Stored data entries

....

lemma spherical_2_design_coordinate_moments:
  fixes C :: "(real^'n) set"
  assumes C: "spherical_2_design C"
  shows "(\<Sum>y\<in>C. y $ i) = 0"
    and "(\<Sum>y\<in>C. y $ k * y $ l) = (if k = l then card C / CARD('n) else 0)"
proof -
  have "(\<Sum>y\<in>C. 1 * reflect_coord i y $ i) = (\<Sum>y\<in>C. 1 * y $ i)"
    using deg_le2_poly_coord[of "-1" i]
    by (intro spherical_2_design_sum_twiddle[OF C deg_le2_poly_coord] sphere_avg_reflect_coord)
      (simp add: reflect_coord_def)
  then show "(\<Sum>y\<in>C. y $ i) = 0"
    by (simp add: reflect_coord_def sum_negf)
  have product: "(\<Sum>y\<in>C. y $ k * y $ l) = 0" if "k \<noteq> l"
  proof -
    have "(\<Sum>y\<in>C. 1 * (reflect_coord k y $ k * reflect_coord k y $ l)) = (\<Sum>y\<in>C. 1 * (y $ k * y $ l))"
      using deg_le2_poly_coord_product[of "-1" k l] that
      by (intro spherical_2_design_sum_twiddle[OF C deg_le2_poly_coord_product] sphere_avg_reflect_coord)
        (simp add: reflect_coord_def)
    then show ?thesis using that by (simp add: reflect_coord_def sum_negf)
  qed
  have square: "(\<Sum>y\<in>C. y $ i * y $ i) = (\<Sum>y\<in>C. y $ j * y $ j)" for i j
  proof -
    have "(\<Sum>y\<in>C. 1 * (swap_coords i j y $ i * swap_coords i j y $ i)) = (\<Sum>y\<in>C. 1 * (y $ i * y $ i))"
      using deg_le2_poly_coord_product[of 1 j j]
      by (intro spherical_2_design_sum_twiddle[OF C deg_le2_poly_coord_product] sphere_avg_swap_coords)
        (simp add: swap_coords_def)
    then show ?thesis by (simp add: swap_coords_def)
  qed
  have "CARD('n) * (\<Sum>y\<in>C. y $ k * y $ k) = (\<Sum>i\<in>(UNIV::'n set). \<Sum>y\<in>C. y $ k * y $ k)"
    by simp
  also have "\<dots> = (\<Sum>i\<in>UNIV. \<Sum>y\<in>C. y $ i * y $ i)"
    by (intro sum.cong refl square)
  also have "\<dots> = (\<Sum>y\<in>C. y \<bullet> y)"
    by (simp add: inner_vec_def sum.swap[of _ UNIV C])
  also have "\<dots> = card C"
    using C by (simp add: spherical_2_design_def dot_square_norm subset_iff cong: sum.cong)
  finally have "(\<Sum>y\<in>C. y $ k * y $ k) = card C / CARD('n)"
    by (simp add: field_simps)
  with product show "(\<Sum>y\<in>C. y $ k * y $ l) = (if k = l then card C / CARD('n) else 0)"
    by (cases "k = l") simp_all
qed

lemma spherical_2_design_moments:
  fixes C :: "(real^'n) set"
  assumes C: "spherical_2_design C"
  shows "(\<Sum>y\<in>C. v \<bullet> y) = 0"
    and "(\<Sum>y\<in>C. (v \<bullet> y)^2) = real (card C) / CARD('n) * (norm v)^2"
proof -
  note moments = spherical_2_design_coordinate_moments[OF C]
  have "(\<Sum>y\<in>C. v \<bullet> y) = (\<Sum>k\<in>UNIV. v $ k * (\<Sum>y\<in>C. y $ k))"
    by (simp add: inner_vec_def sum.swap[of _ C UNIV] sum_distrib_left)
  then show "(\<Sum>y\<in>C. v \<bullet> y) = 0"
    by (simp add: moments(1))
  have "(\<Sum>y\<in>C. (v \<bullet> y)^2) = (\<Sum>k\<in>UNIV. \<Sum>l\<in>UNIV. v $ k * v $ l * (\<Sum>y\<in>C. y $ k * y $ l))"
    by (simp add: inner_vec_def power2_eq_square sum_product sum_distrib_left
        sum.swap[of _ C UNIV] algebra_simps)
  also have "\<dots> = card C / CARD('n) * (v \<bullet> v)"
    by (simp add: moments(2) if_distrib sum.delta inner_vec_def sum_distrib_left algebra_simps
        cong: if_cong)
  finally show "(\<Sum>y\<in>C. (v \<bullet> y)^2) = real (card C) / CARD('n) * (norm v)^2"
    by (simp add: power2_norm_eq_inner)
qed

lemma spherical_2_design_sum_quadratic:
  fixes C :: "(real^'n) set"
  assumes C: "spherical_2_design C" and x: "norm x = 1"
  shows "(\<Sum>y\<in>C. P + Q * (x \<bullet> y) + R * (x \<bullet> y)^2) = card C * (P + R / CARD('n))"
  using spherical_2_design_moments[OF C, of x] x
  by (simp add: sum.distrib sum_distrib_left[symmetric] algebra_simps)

....

*Task statement*: Filter the entries above and copy only the lines that hold "shows".

*Expected output*:
  shows "(\<Sum>y\<in>C. y $ i) = 0"
  shows "(\<Sum>y\<in>C. v \<bullet> y) = 0"
  shows "(\<Sum>y\<in>C. P + Q * (x \<bullet> y) + R * (x \<bullet> y)^2) = card C * (P + R / CARD('n))"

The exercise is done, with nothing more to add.